Data records:
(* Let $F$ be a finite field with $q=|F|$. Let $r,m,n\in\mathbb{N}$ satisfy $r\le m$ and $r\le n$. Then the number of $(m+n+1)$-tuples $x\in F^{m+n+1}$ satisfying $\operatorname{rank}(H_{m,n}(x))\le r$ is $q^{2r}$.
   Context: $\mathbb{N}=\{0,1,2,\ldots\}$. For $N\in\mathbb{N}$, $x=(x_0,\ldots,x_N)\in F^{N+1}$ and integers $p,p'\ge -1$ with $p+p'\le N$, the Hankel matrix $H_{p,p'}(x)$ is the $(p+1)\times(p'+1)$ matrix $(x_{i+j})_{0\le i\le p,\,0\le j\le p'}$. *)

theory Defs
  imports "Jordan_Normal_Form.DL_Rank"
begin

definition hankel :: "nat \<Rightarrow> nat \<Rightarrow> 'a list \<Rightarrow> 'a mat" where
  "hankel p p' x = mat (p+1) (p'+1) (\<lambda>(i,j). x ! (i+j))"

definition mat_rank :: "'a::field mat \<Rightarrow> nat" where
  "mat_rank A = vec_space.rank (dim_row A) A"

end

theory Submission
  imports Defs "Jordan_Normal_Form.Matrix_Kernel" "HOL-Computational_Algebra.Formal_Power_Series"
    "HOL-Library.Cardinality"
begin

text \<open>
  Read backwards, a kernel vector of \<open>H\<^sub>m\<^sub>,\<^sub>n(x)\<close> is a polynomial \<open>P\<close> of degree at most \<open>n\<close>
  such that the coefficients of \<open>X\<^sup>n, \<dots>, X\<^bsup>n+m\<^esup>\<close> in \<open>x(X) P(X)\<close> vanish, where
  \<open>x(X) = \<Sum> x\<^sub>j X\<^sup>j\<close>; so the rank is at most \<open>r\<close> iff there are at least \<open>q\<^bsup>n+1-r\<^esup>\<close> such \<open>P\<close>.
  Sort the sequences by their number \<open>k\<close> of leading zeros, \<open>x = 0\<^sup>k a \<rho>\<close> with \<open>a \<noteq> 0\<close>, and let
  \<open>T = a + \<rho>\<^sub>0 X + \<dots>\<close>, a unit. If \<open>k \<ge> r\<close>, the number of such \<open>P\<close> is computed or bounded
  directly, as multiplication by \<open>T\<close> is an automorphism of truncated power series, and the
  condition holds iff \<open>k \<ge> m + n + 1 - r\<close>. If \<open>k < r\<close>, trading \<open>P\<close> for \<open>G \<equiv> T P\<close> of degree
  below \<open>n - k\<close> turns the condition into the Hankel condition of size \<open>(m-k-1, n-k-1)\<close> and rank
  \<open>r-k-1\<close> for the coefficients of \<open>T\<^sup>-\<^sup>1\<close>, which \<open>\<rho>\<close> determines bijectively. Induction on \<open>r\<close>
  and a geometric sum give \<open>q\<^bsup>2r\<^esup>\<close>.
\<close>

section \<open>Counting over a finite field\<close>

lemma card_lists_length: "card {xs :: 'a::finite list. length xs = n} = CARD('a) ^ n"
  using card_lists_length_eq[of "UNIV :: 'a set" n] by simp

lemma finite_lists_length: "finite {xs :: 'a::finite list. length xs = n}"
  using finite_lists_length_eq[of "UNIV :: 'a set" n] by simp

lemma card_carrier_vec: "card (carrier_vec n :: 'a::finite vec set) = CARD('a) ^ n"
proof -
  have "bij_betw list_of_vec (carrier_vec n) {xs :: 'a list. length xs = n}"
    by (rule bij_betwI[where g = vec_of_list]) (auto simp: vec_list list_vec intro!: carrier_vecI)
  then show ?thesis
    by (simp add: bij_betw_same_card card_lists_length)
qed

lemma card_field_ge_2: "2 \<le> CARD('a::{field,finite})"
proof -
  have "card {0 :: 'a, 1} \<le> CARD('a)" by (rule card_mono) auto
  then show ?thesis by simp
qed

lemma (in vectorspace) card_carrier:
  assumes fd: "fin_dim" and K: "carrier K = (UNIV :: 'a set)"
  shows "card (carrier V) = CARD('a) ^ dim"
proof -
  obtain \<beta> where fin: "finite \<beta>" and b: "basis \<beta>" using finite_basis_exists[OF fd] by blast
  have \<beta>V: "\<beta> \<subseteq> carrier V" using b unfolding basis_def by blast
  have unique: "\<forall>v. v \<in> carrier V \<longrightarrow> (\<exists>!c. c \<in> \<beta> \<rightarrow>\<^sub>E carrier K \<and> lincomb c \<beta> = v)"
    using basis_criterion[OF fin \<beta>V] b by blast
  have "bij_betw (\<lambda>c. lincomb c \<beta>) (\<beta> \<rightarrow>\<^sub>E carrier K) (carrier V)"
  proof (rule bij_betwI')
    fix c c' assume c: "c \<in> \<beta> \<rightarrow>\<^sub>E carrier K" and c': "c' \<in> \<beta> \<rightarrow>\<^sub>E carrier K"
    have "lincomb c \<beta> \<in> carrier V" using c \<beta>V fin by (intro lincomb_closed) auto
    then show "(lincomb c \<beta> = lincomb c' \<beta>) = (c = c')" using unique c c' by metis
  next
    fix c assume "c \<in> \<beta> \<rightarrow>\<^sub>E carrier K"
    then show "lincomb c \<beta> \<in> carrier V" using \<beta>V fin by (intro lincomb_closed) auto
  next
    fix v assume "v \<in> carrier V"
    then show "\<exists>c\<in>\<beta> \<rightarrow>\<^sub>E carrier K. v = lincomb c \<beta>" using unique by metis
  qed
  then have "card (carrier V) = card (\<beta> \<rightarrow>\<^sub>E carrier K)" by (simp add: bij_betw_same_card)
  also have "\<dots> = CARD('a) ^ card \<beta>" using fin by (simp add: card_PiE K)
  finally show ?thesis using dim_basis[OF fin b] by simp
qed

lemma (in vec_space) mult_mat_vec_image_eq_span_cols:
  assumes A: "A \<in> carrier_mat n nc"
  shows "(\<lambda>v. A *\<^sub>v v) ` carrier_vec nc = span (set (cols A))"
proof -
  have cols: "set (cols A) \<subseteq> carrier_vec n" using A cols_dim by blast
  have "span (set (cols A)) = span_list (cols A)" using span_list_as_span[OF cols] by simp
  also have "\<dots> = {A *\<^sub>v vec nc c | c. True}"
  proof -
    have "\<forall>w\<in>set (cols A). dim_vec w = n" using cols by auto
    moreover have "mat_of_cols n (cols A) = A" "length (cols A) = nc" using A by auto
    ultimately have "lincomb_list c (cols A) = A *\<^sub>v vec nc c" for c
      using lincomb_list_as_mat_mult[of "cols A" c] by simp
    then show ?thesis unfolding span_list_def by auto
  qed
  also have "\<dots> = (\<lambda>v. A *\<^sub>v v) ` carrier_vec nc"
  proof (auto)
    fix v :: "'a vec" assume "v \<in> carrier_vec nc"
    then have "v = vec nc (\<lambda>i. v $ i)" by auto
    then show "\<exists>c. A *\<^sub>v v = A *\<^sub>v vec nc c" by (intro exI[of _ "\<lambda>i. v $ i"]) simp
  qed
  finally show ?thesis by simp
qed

Task: Every line of the material above that includes the string "field" is required.

Your solution:
(* Let $F$ be a finite field with $q=|F|$. Let $r,m,n\in\mathbb{N}$ satisfy $r\le m$ and $r\le n$. Then the number of $(m+n+1)$-tuples $x\in F^{m+n+1}$ satisfying $\operatorname{rank}(H_{m,n}(x))\le r$ is $q^{2r}$.
definition mat_rank :: "'a::field mat \<Rightarrow> nat" where
section \<open>Counting over a finite field\<close>
lemma card_field_ge_2: "2 \<le> CARD('a::{field,finite})"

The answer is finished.